*** Data ***

(* Let $I$ be an ideal of a ring $R$ with $Nil(R)\subseteq I$. The following are equivalent: (1) idempotents can be lifted uniquely weakly modulo $I$; (2) idempotents can be lifted weakly modulo $I$, $R$ is abelian, and $I$ is idempotent free; (3) idempotents can be lifted centrally weakly modulo $I$, and $I$ is idempotent free.
   Context: All rings are associative with identity; $Idem(R)$ is the set of idempotents and $Nil(R)$ the set of nilpotent elements of $R$. Idempotents can be lifted weakly modulo $I$ if for every $x\in R$ with $x^2-x\in I$ there is $e\in Idem(R)$ with $x-e\in I$ or $x+e\in I$; lifted uniquely weakly modulo $I$ if for every such $x$ there is a unique $e\in Idem(R)$ with $x-e\in I$ or $x+e\in I$; lifted centrally weakly modulo $I$ if for every such $x$ there is a central $e\in Idem(R)$ with $x-e\in I$ or $x+e\in I$. An ideal is idempotent free if the only idempotent it contains is $0$. $R$ is abelian if all its idempotents are central. *)

theory Defs
  imports Main
begin

definition idem :: "'a::ring_1 \<Rightarrow> bool" where
  "idem e \<longleftrightarrow> e * e = e"

definition Idem :: "'a::ring_1 set" where
  "Idem = {e. idem e}"

definition Nil_set :: "'a::ring_1 set" where
  "Nil_set = {x. \<exists>n. x ^ n = 0}"

definition central :: "'a::ring_1 \<Rightarrow> bool" where
  "central e \<longleftrightarrow> (\<forall>y. e * y = y * e)"

definition is_ideal :: "'a::ring_1 set \<Rightarrow> bool" where
  "is_ideal I \<longleftrightarrow> 0 \<in> I \<and> (\<forall>x\<in>I. \<forall>y\<in>I. x + y \<in> I) \<and> (\<forall>x\<in>I. - x \<in> I)
     \<and> (\<forall>x\<in>I. \<forall>r. r * x \<in> I \<and> x * r \<in> I)"

definition lift_weakly :: "'a::ring_1 set \<Rightarrow> bool" where
  "lift_weakly I \<longleftrightarrow> (\<forall>x. x\<^sup>2 - x \<in> I \<longrightarrow> (\<exists>e\<in>Idem. x - e \<in> I \<or> x + e \<in> I))"

definition lift_uniquely_weakly :: "'a::ring_1 set \<Rightarrow> bool" where
  "lift_uniquely_weakly I \<longleftrightarrow>
     (\<forall>x. x\<^sup>2 - x \<in> I \<longrightarrow> (\<exists>!e. e \<in> Idem \<and> (x - e \<in> I \<or> x + e \<in> I)))"

definition lift_centrally_weakly :: "'a::ring_1 set \<Rightarrow> bool" where
  "lift_centrally_weakly I \<longleftrightarrow>
     (\<forall>x. x\<^sup>2 - x \<in> I \<longrightarrow> (\<exists>e\<in>Idem. central e \<and> (x - e \<in> I \<or> x + e \<in> I)))"

definition idempotent_free :: "'a::ring_1 set \<Rightarrow> bool" where
  "idempotent_free I \<longleftrightarrow> (\<forall>e\<in>I. idem e \<longrightarrow> e = 0)"

definition abelian_ring :: "'a::ring_1 itself \<Rightarrow> bool" where
  "abelian_ring _ \<longleftrightarrow> (\<forall>e::'a. idem e \<longrightarrow> central e)"

end

theory Submission
  imports Defs
begin

text \<open>Two weak lifts e, g of the same element satisfy e - g \<in> I or e + g \<in> I. If g is
  central, then e(1 - g) = (e \<plusminus> g)(1 - g) and g(1 - e) are idempotents lying in I, so
  idempotent freeness gives e = eg = ge = g. Conversely, uniqueness of lifts forces idempotent
  freeness (an idempotent of I and 0 both lift 0), and it forces every idempotent e to be
  central: for any r the element n = er(1 - e) squares to zero, hence lies in I, and e + n is an
  idempotent lifting e, so n = 0; likewise (1 - e)re = 0.\<close>

lemma is_idealD:
  assumes "is_ideal I"
  shows ideal_zero: "0 \<in> I"
    and ideal_add: "x \<in> I \<Longrightarrow> y \<in> I \<Longrightarrow> x + y \<in> I"
    and ideal_uminus: "x \<in> I \<Longrightarrow> - x \<in> I"
    and ideal_mult_right: "x \<in> I \<Longrightarrow> x * r \<in> I"
  using assms by (simp_all add: is_ideal_def)

lemma ideal_diff: "is_ideal I \<Longrightarrow> x \<in> I \<Longrightarrow> y \<in> I \<Longrightarrow> x - y \<in> I"
  using ideal_add ideal_uminus by (metis diff_conv_add_uminus)

lemma Idem_iff: "e \<in> Idem \<longleftrightarrow> idem e"
  by (simp add: Idem_def)

lemma square_zero_in_Nil_set: "(n::'a::ring_1) * n = 0 \<Longrightarrow> n \<in> Nil_set"
  unfolding Nil_set_def by (auto intro: exI[of _ 2] simp: power2_eq_square)

lemma idem_add_square_zero:
  fixes e n :: "'a::ring_1"
  assumes "idem e" "n * n = 0" "e * n + n * e = n"
  shows "idem (e + n)"
  using assms by (simp add: idem_def algebra_simps)

lemma idem_off_diagonal:
  fixes e a :: "'a::ring_1"
  assumes "idem e"
  defines "n \<equiv> e * a * (1 - e)" and "m \<equiv> (1 - e) * a * e"
  shows "n * n = 0" "e * n + n * e = n" "m * m = 0" "e * m + m * e = m"
proof -
  have ee: "e * e = e" using assms(1) by (simp add: idem_def)
  have e_one_minus_e: "e * (1 - e) = 0" and one_minus_e_e: "(1 - e) * e = 0"
    by (simp_all add: algebra_simps ee)
  have "n * n = e * a * ((1 - e) * e) * a * (1 - e)"
    unfolding n_def by (simp only: mult.assoc)
  then show "n * n = 0" by (simp add: one_minus_e_e)
  have "m * m = (1 - e) * a * (e * (1 - e)) * a * e"
    unfolding m_def by (simp only: mult.assoc)
  then show "m * m = 0" by (simp add: e_one_minus_e)
  have "e * n = n" "n * e = 0"
    unfolding n_def by (simp_all add: mult.assoc one_minus_e_e flip: mult.assoc[of e e] add: ee)
  then show "e * n + n * e = n" by simp
  have "e * m = 0" "m * e = m"
    unfolding m_def by (simp_all add: mult.assoc ee flip: mult.assoc[of e "1 - e"] add: e_one_minus_e)
  then show "e * m + m * e = m" by simp
qed

lemma commute_if_off_diagonal_zero:
  fixes e r :: "'a::ring_1"
  assumes "e * r * (1 - e) = 0" "(1 - e) * r * e = 0"
  shows "e * r = r * e"
proof -
  have "e * r = e * r * e" using assms(1) by (simp add: right_diff_distrib)
  also have "\<dots> = r * e" using assms(2) by (simp add: left_diff_distrib mult.assoc)
  finally show ?thesis .
qed

lemma idem_one_minus: "idem e \<Longrightarrow> idem (1 - e)"
  by (simp add: idem_def algebra_simps)

lemma idem_mult_commuting:
  assumes "idem e" "idem g" "e * g = g * e"
  shows "idem (e * g)"
proof -
  have "e * g * (e * g) = e * (g * e) * g" by (simp add: mult.assoc)
  also have "\<dots> = e * (e * g) * g" by (simp only: assms(3))
  also have "\<dots> = (e * e) * (g * g)" by (simp only: mult.assoc)
  finally show ?thesis using assms(1,2) by (simp add: idem_def)
qed

lemma weak_lifts_congruent:
  assumes "is_ideal I" "x - f \<in> I \<or> x + f \<in> I" "x - g \<in> I \<or> x + g \<in> I"
  shows "f - g \<in> I \<or> f + g \<in> I"
  using assms(2,3)
proof (elim disjE)
  assume "x - f \<in> I" "x - g \<in> I"
  from ideal_diff[OF assms(1) this(2,1)] show ?thesis by simp
next
  assume "x - f \<in> I" "x + g \<in> I"
  from ideal_diff[OF assms(1) this(2,1)] show ?thesis by (simp add: algebra_simps)
next
  assume "x + f \<in> I" "x - g \<in> I"
  from ideal_diff[OF assms(1) this] show ?thesis by (simp add: algebra_simps)
next
  assume "x + f \<in> I" "x + g \<in> I"
  from ideal_diff[OF assms(1) this] show ?thesis by (simp add: algebra_simps)
qed

lemma mult_one_minus_in_ideal:
  assumes "is_ideal I" "idem g" "e - g \<in> I \<or> e + g \<in> I"
  shows "e * (1 - g) \<in> I"
proof -
  have "e * (1 - g) = (e - g) * (1 - g)" "e * (1 - g) = (e + g) * (1 - g)"
    using assms(2) by (simp_all add: idem_def algebra_simps)
  then show ?thesis using assms(3) ideal_mult_right[OF assms(1)] by metis
qed

lemma commuting_idem_eq_if_congruent:
  assumes I: "is_ideal I" and free: "idempotent_free I"
    and e: "idem e" and g: "idem g" and comm: "e * g = g * e"
    and congr: "e - g \<in> I \<or> e + g \<in> I"
  shows "e = g"
proof -
  have congr': "g - e \<in> I \<or> g + e \<in> I"
    using congr ideal_uminus[OF I, of "e - g"] by (auto simp: add.commute)
  have "idem (e * (1 - g))"
    using comm by (intro idem_mult_commuting e idem_one_minus g) (simp add: algebra_simps)
  then have "e * (1 - g) = 0"
    using free mult_one_minus_in_ideal[OF I g congr] by (simp add: idempotent_free_def)
  moreover have "idem (g * (1 - e))"
    using comm by (intro idem_mult_commuting g idem_one_minus e) (simp add: algebra_simps)
  then have "g * (1 - e) = 0"
    using free mult_one_minus_in_ideal[OF I e congr'] by (simp add: idempotent_free_def)
  ultimately show ?thesis using comm by (simp add: algebra_simps)
qed

lemma idem_square_diff_in_ideal: "idem e \<Longrightarrow> is_ideal I \<Longrightarrow> e\<^sup>2 - e \<in> I"
  by (simp add: idem_def power2_eq_square ideal_zero)

lemma lift_uniquely_weaklyD:
  assumes "lift_uniquely_weakly I" "x\<^sup>2 - x \<in> I" "idem e" "idem f"
    and "x - e \<in> I \<or> x + e \<in> I" "x - f \<in> I \<or> x + f \<in> I"
  shows "e = f"
  using assms unfolding lift_uniquely_weakly_def Idem_iff by blast

lemma lift_uniquely_weakly_imp_idempotent_free:
  assumes I: "is_ideal I" and U: "lift_uniquely_weakly I"
  shows "idempotent_free I"
  unfolding idempotent_free_def
proof (intro ballI impI)
  fix e assume "e \<in> I" "idem e"
  moreover have "idem (0::'a)" by (simp add: idem_def)
  ultimately show "e = 0"
    using lift_uniquely_weaklyD[OF U _ _ _ _ _, of 0 e 0] ideal_zero[OF I] by simp
qed

lemma lift_uniquely_weakly_square_zero_perturbation:
  fixes I :: "'a::ring_1 set" and e n :: 'a
  assumes I: "is_ideal I" and N: "Nil_set \<subseteq> I" and U: "lift_uniquely_weakly I"
    and e: "idem e" and "n * n = 0" "e * n + n * e = n"
  shows "n = 0"
proof -
  have "idem (e + n)" using idem_add_square_zero[OF e] assms by blast
  moreover have "e - (e + n) \<in> I"
    using ideal_uminus[OF I] N square_zero_in_Nil_set[OF \<open>n * n = 0\<close>] by auto
  moreover have "e - e \<in> I" using ideal_zero[OF I] by simp
  ultimately have "e = e + n"
    using lift_uniquely_weaklyD[OF U idem_square_diff_in_ideal[OF e I] e] by blast
  then show ?thesis by simp
qed

lemma lift_uniquely_weakly_imp_abelian:
  fixes I :: "'a::ring_1 set"
  assumes "is_ideal I" "Nil_set \<subseteq> I" "lift_uniquely_weakly I"
  shows "abelian_ring TYPE('a)"
  unfolding abelian_ring_def central_def
proof (intro allI impI)
  fix e r :: 'a assume e: "idem e"
  note perturbation = lift_uniquely_weakly_square_zero_perturbation[OF assms e]
  have "e * r * (1 - e) = 0" "(1 - e) * r * e = 0"
    using idem_off_diagonal[OF e, of r] by (blast intro: perturbation)+
  then show "e * r = r * e" by (rule commute_if_off_diagonal_zero)
qed

lemma lift_centrally_weakly_imp_uniquely_weakly:
  assumes I: "is_ideal I" and free: "idempotent_free I" and C: "lift_centrally_weakly I"
  shows "lift_uniquely_weakly I"
  unfolding lift_uniquely_weakly_def
proof (intro allI impI)
  fix x assume "x\<^sup>2 - x \<in> I"
  then obtain g where g: "idem g" "central g" and gx: "x - g \<in> I \<or> x + g \<in> I"
    using C unfolding lift_centrally_weakly_def Idem_def by blast
  have "f = g" if "idem f" "x - f \<in> I \<or> x + f \<in> I" for f
  proof (rule commuting_idem_eq_if_congruent[OF I free \<open>idem f\<close> \<open>idem g\<close>])
    show "f * g = g * f" using \<open>central g\<close> by (simp add: central_def)
    show "f - g \<in> I \<or> f + g \<in> I" by (rule weak_lifts_congruent[OF I that(2) gx])
  qed
  then show "\<exists>!e. e \<in> Idem \<and> (x - e \<in> I \<or> x + e \<in> I)"
    using g gx unfolding Idem_iff by blast
qed

theorem mainTheorem6:
  fixes I :: "'a::ring_1 set"
  assumes "is_ideal I"
    and "Nil_set \<subseteq> I"
  shows "(lift_uniquely_weakly I
            \<longleftrightarrow> lift_weakly I \<and> abelian_ring TYPE('a) \<and> idempotent_free I)
       \<and> (lift_uniquely_weakly I
            \<longleftrightarrow> lift_centrally_weakly I \<and> idempotent_free I)"
proof -
  have "lift_uniquely_weakly I \<Longrightarrow> lift_weakly I \<and> abelian_ring TYPE('a) \<and> idempotent_free I"
    using lift_uniquely_weakly_imp_abelian[OF assms] lift_uniquely_weakly_imp_idempotent_free[OF assms(1)]
    unfolding lift_uniquely_weakly_def lift_weakly_def by blast
  moreover have "lift_weakly I \<and> abelian_ring TYPE('a) \<Longrightarrow> lift_centrally_weakly I"
    unfolding lift_weakly_def lift_centrally_weakly_def abelian_ring_def Idem_def by blast
  moreover have "lift_centrally_weakly I \<and> idempotent_free I \<Longrightarrow> lift_uniquely_weakly I"
    using lift_centrally_weakly_imp_uniquely_weakly[OF assms(1)] by blast
  ultimately show ?thesis by blast
qed

end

*** End of Data ***

# What you have to do
In the data above, retype exactly and only the lines between the one holding "(\<forall>x\<in>I. \<forall>r. r" and the one holding "freeness (an idempotent", inclusive.

# Response for this exercise
     \<and> (\<forall>x\<in>I. \<forall>r. r * x \<in> I \<and> x * r \<in> I)"

definition lift_weakly :: "'a::ring_1 set \<Rightarrow> bool" where
  "lift_weakly I \<longleftrightarrow> (\<forall>x. x\<^sup>2 - x \<in> I \<longrightarrow> (\<exists>e\<in>Idem. x - e \<in> I \<or> x + e \<in> I))"

definition lift_uniquely_weakly :: "'a::ring_1 set \<Rightarrow> bool" where
  "lift_uniquely_weakly I \<longleftrightarrow>
     (\<forall>x. x\<^sup>2 - x \<in> I \<longrightarrow> (\<exists>!e. e \<in> Idem \<and> (x - e \<in> I \<or> x + e \<in> I)))"

definition lift_centrally_weakly :: "'a::ring_1 set \<Rightarrow> bool" where
  "lift_centrally_weakly I \<longleftrightarrow>
     (\<forall>x. x\<^sup>2 - x \<in> I \<longrightarrow> (\<exists>e\<in>Idem. central e \<and> (x - e \<in> I \<or> x + e \<in> I)))"

definition idempotent_free :: "'a::ring_1 set \<Rightarrow> bool" where
  "idempotent_free I \<longleftrightarrow> (\<forall>e\<in>I. idem e \<longrightarrow> e = 0)"

definition abelian_ring :: "'a::ring_1 itself \<Rightarrow> bool" where
  "abelian_ring _ \<longleftrightarrow> (\<forall>e::'a. idem e \<longrightarrow> central e)"

end

theory Submission
  imports Defs
begin

text \<open>Two weak lifts e, g of the same element satisfy e - g \<in> I or e + g \<in> I. If g is
  central, then e(1 - g) = (e \<plusminus> g)(1 - g) and g(1 - e) are idempotents lying in I, so
  idempotent freeness gives e = eg = ge = g. Conversely, uniqueness of lifts forces idempotent
  freeness (an idempotent of I and 0 both lift 0), and it forces every idempotent e to be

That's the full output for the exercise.